**What this task involves:**
Of the entries below, restate word for word only the section that runs from the line with "imports Defs" to the line with "b = g_(k+1) ... g_l, so", counting both ends.

**Data provided:**
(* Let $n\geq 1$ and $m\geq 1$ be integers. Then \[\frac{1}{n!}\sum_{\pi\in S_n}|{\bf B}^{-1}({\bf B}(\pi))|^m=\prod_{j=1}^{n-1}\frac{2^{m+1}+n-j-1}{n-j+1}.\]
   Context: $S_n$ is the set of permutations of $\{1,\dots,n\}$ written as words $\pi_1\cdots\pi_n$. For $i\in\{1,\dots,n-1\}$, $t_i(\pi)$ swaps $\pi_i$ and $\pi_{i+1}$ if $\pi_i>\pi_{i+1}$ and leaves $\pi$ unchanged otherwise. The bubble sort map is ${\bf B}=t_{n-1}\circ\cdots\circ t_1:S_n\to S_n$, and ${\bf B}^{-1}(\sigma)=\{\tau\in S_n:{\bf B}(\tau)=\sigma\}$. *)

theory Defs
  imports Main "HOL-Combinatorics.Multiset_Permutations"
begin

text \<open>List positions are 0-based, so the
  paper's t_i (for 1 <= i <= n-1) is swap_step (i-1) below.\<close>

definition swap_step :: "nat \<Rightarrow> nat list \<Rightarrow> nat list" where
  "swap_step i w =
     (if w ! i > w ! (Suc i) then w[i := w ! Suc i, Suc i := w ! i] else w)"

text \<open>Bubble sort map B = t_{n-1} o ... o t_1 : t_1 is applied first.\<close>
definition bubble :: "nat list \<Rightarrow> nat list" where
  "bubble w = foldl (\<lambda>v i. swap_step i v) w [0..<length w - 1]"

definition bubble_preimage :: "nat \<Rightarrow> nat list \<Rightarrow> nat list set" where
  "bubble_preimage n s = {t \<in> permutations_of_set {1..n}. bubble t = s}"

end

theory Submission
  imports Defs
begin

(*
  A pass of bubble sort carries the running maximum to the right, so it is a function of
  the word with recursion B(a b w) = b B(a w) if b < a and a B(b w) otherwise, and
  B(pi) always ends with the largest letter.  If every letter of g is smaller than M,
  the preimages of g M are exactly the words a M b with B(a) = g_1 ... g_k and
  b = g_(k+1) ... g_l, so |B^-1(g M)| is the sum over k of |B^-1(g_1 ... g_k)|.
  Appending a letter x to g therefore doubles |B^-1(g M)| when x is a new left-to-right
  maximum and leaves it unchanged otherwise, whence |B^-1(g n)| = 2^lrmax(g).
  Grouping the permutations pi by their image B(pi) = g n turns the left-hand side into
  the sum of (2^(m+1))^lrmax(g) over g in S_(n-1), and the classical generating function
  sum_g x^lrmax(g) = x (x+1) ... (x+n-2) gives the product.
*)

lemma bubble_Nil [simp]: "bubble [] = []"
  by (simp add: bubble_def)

==

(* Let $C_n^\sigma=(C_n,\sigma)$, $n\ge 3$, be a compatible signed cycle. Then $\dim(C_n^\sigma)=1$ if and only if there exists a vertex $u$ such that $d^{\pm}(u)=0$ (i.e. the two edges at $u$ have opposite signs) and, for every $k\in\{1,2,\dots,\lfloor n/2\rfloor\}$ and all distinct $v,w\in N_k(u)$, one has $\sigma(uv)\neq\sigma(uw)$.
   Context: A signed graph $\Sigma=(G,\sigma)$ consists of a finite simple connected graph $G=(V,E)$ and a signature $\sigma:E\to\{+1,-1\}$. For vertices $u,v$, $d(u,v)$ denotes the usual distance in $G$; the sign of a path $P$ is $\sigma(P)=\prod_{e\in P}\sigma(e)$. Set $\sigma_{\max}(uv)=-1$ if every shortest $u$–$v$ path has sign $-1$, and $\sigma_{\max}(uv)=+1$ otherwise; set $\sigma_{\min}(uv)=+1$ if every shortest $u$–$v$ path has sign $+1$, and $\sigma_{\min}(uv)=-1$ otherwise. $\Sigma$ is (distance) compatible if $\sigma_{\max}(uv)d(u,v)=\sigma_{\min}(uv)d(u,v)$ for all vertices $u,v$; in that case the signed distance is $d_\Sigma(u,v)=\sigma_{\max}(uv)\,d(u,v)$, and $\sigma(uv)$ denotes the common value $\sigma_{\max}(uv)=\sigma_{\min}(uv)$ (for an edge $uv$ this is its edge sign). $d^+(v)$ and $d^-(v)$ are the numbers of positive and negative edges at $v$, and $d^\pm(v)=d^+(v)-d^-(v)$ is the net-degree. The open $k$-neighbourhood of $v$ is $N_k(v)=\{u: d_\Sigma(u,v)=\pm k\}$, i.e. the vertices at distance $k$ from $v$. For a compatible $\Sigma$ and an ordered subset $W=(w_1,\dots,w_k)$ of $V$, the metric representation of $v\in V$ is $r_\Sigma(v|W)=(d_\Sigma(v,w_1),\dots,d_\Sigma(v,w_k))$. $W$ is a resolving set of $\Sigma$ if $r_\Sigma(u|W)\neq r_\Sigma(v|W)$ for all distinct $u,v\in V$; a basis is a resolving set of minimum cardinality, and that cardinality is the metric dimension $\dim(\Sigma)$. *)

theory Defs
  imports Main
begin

---

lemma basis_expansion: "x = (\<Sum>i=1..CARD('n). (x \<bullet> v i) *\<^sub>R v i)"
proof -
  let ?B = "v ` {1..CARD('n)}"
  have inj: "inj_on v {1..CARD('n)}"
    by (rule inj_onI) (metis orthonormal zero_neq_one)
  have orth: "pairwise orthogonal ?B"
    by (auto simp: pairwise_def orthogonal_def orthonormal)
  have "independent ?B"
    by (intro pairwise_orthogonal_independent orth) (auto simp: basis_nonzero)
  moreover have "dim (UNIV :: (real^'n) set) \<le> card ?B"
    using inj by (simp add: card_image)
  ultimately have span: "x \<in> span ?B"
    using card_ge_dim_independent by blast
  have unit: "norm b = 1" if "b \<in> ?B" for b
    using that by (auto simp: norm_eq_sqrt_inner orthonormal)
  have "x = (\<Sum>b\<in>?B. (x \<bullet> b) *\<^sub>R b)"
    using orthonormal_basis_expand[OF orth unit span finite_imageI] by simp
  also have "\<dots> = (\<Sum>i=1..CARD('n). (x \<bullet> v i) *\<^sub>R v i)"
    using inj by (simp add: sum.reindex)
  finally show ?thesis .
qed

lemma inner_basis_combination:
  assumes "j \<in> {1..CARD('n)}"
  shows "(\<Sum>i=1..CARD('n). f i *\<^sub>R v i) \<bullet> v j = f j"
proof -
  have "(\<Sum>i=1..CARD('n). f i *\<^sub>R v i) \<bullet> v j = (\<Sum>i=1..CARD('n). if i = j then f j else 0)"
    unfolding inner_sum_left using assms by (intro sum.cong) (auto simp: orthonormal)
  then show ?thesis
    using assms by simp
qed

**Solution to this task:**
  imports Defs
begin

(*
  A pass of bubble sort carries the running maximum to the right, so it is a function of
  the word with recursion B(a b w) = b B(a w) if b < a and a B(b w) otherwise, and
  B(pi) always ends with the largest letter.  If every letter of g is smaller than M,
  the preimages of g M are exactly the words a M b with B(a) = g_1 ... g_k and
  b = g_(k+1) ... g_l, so |B^-1(g M)| is the sum over k of |B^-1(g_1 ... g_k)|.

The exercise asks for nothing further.